Effect of biochar with different particle sizes on the sorption-desorption characteristics of soil phosphorus.

doi:10.13287/j.1001-9332.202303.015

Abstract

Abstract: The size of particles determines the adsorption reaction. In this study, three different particle sizes of biochar (0.25-1 mm, 0.075-0.25 mm, <0.075 mm) were produced from rapeseed straw (SBC) and chicken manure (MBC). The biochar was mixed with high phosphorus (P) soil and low P soil and then incubated for 30 days. We conducted isothermal P sorption and desorption experiments to evaluate the effects of biochar particle size on sorption-desorption characteristics of soil P, and analyzed soil properties associated with P sorption. The results showed that P sorption capacity of SBC and MBC in the water system was highest for the smallest particle size (<0.075 mm) (SBC: 43125 mg·kg^-1, MBC: 20083 mg·kg^-1), followed by the intermediate particle size (0.075-0.25 mm) (SBC: 37376 mg·kg^-1, MBC: 13199 mg·kg^-1) and the largest particle size (0.25-1 mm) (SBC: 27749 mg·kg^-1, MBC: 12251 mg·kg^-1). However, there was little difference in soil P sorption between the three particle sizes of the same biochar in the soil system. In comparison with no biochar treatment, the addition of SBC increased the Langmuir P sorption maximum (S_max) by 236.8%-755.7%, and decreased soil P desorption rate. The addition of MBC increased S_max, but the enhancement was less than that of SBC. Soil P desorption rate was increased by 7.2%-295.9%. Both SBC and MBC significantly increased the contents of soil total P, available P, and exchangeable calcium (Ca) and magnesium (Mg). The increases in Ca and Mg contents due to biochar addition was 64.0%-257.1% (SBC) and 39.1%-205.3% (MBC), respectively. The contents of soil exchangeable Ca and Mg were positively correlated with S_max. These results suggested that biochar particle size had little effect on soil P sorption, but the enrichment of Ca and Mg due to biochar addition played a critical role in regulating soil P sorption. The rapeseed straw biochar had a high adsorption capacity for soil P, making it suitable for improving the P fixation capacity of soil rich in P and reducing the loss of excess P. Chicken manure biochar could be used to improve the P availability of low P soils and increase the contents of available P.

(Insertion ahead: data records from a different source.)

(* If $X$ is a crowded (Hausdorff) $\sigma$-space, then $dis(X)=dis^*(X)$.
   Context: All spaces are Hausdorff. A space is crowded if it has no isolated points. A network for $X$ is a family $\mathcal{N}$ of subsets of $X$ such that for every open $U\subseteq X$ and $x\in U$ there is $N\in\mathcal{N}$ with $x\in N\subseteq U$. A $\sigma$-space is a space having a $\sigma$-discrete network. $dis(X)$ is the least number of discrete subspaces needed to cover $X$, and $dis^*(X)$ is the least number of closed discrete subsets needed to cover $X$. *)

theory Defs
  imports "HOL-Analysis.Analysis"
begin

definition crowded :: "'a topology \<Rightarrow> bool" where
  "crowded X \<longleftrightarrow> (\<forall>x\<in>topspace X. \<not> openin X {x})"

definition discrete_subspace :: "'a topology \<Rightarrow> 'a set \<Rightarrow> bool" where
  "discrete_subspace X D \<longleftrightarrow> D \<subseteq> topspace X \<and> subtopology X D = discrete_topology D"

definition network :: "'a topology \<Rightarrow> 'a set set \<Rightarrow> bool" where
  "network X \<N> \<longleftrightarrow> (\<forall>N\<in>\<N>. N \<subseteq> topspace X) \<and>
     (\<forall>U x. openin X U \<and> x \<in> U \<longrightarrow> (\<exists>N\<in>\<N>. x \<in> N \<and> N \<subseteq> U))"

definition discrete_family :: "'a topology \<Rightarrow> 'a set set \<Rightarrow> bool" where
  "discrete_family X \<A> \<longleftrightarrow> (\<forall>x\<in>topspace X. \<exists>U. openin X U \<and> x \<in> U \<and>
     (\<forall>A\<in>\<A>. \<forall>B\<in>\<A>. A \<inter> U \<noteq> {} \<and> B \<inter> U \<noteq> {} \<longrightarrow> A = B))"

definition sigma_discrete :: "'a topology \<Rightarrow> 'a set set \<Rightarrow> bool" where
  "sigma_discrete X \<N> \<longleftrightarrow> (\<exists>F :: nat \<Rightarrow> 'a set set. \<N> = (\<Union>n. F n) \<and> (\<forall>n. discrete_family X (F n)))"

definition sigma_space :: "'a topology \<Rightarrow> bool" where
  "sigma_space X \<longleftrightarrow> (\<exists>\<N>. network X \<N> \<and> sigma_discrete X \<N>)"

definition dis_cover :: "'a topology \<Rightarrow> 'a set set \<Rightarrow> bool" where
  "dis_cover X \<F> \<longleftrightarrow> (\<forall>D\<in>\<F>. discrete_subspace X D) \<and> \<Union>\<F> = topspace X"

definition dis_star_cover :: "'a topology \<Rightarrow> 'a set set \<Rightarrow> bool" where
  "dis_star_cover X \<F> \<longleftrightarrow> (\<forall>D\<in>\<F>. closedin X D \<and> discrete_subspace X D) \<and> \<Union>\<F> = topspace X"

Key words: soil phosphorus, biochar, sorption, desorption, particle size, Langmuir equation

WEI Jinju, QIN Guobing, ZHANG Gengjin, JIA Lulu, ZHOU Jian, WU Jianfu, WEI Zongqiang. Effect of biochar with different particle sizes on the sorption-desorption characteristics of soil phosphorus.[J]. Chinese Journal of Applied Ecology, 2023, 34(3): 708-716.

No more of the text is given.